The expected response is a copy of every line in the entries below that includes the word "longleftrightarrow".

════════════════

(* Let $p>1$ and $1/p+1/q=1$. Let $\lambda>0$ and let $r,s$ be real numbers with $r+s=\lambda$. Let $k_\lambda:(0,\infty)\times(0,\infty)\to(0,\infty)$ be a measurable function homogeneous of degree $-\lambda$ (i.e. $k_\lambda(ux,uy)=u^{-\lambda}k_\lambda(x,y)$ for all $u,x,y>0$), and assume that $$k_\lambda(r):=\int_0^\infty k_\lambda(u,1)\,u^{r-1}\,du$$ is a (finite) positive number. Assume that the functions $u\mapsto k_\lambda(u,1)u^{r-1}$ and $u\mapsto k_\lambda(1,u)u^{s-1}$ are decreasing on $(0,\infty)$ and strictly decreasing on some subinterval of $(0,\infty)$. Let $a_n,b_n\ge 0$ ($n\ge1$) with $0<\sum_{n=1}^\infty a_n^p<\infty$ and $0<\sum_{n=1}^\infty b_n^q<\infty$, and let $A_n=\sum_{k=1}^n a_k$, $B_n=\sum_{k=1}^n b_k$. Then $$\sum_{n=1}^\infty\sum_{m=1}^\infty m^{r-\frac1q-1}n^{s-\frac1p-1}k_\lambda(m,n)A_mB_n< pq\,k_\lambda(r)\Big[\sum_{n=1}^\infty a_n^p\Big]^{1/p}\Big[\sum_{n=1}^\infty b_n^q\Big]^{1/q}$$ and $$\sum_{n=1}^\infty\Big[\sum_{m=1}^\infty m^{r-\frac1q-1}n^{s-\frac1p}k_\lambda(m,n)A_m\Big]^p<[q\,k_\lambda(r)]^p\sum_{n=1}^\infty a_n^p,$$ and the constant factors $pq\,k_\lambda(r)$ and $[q\,k_\lambda(r)]^p$ are the best possible.
   Context: A measurable function $k_\lambda(x,y)$ on $(0,\infty)^2$ with $k_\lambda(ux,uy)=u^{-\lambda}k_\lambda(x,y)$ for all $u,x,y>0$ is called homogeneous of degree $-\lambda$. "Best possible" means that the inequality fails (for some admissible sequences) if the constant is replaced by any smaller positive constant. *)

theory Defs
  imports "HOL-Analysis.Analysis"
begin

definition kint :: "(real \<Rightarrow> real \<Rightarrow> real) \<Rightarrow> real \<Rightarrow> real" where
  "kint k r = (LINT u:{0<..}|lborel. k u 1 * u powr (r - 1))"

definition psum :: "(nat \<Rightarrow> real) \<Rightarrow> nat \<Rightarrow> real" where
  "psum a n = (\<Sum>k=1..n. a k)"

definition decr_strict_somewhere :: "(real \<Rightarrow> real) \<Rightarrow> bool" where
  "decr_strict_somewhere f \<longleftrightarrow>
     (\<forall>x y. 0 < x \<and> x \<le> y \<longrightarrow> f y \<le> f x) \<and>
     (\<exists>c d. 0 < c \<and> c < d \<and> (\<forall>x y. c \<le> x \<and> x < y \<and> y \<le> d \<longrightarrow> f y < f x))"

definition admissible :: "real \<Rightarrow> (nat \<Rightarrow> real) \<Rightarrow> bool" where
  "admissible p a \<longleftrightarrow> (\<forall>n\<ge>1. a n \<ge> 0) \<and>
     (\<lambda>n. a n powr p) summable_on {1..} \<and> infsum (\<lambda>n. a n powr p) {1..} > 0"

definition ineq1 :: "(real \<Rightarrow> real \<Rightarrow> real) \<Rightarrow> real \<Rightarrow> real \<Rightarrow> real \<Rightarrow> real \<Rightarrow> real
    \<Rightarrow> (nat \<Rightarrow> real) \<Rightarrow> (nat \<Rightarrow> real) \<Rightarrow> bool" where
  "ineq1 k p q r s C a b \<longleftrightarrow>
     (let t = (\<lambda>(m,n). real m powr (r - 1/q - 1) * real n powr (s - 1/p - 1)
                        * k (real m) (real n) * psum a m * psum b n)
      in t summable_on ({1..} \<times> {1..}) \<and>
         infsum t ({1..} \<times> {1..}) <
           C * (infsum (\<lambda>n. a n powr p) {1..}) powr (1/p)
             * (infsum (\<lambda>n. b n powr q) {1..}) powr (1/q))"

definition ineq2 :: "(real \<Rightarrow> real \<Rightarrow> real) \<Rightarrow> real \<Rightarrow> real \<Rightarrow> real \<Rightarrow> real \<Rightarrow> real
    \<Rightarrow> (nat \<Rightarrow> real) \<Rightarrow> bool" where
  "ineq2 k p q r s C a \<longleftrightarrow>
     (let t = (\<lambda>n m. real m powr (r - 1/q - 1) * real n powr (s - 1/p)
                      * k (real m) (real n) * psum a m)
      in (\<forall>n\<ge>1. t n summable_on {1..}) \<and>
         (\<lambda>n. (infsum (t n) {1..}) powr p) summable_on {1..} \<and>
         infsum (\<lambda>n. (infsum (t n) {1..}) powr p) {1..} <
           C * infsum (\<lambda>n. a n powr p) {1..})"

end

theory Submission
  imports Defs
begin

════════════════

▸ **Output of the task**:
  "decr_strict_somewhere f \<longleftrightarrow>
  "admissible p a \<longleftrightarrow> (\<forall>n\<ge>1. a n \<ge> 0) \<and>
  "ineq1 k p q r s C a b \<longleftrightarrow>
  "ineq2 k p q r s C a \<longleftrightarrow>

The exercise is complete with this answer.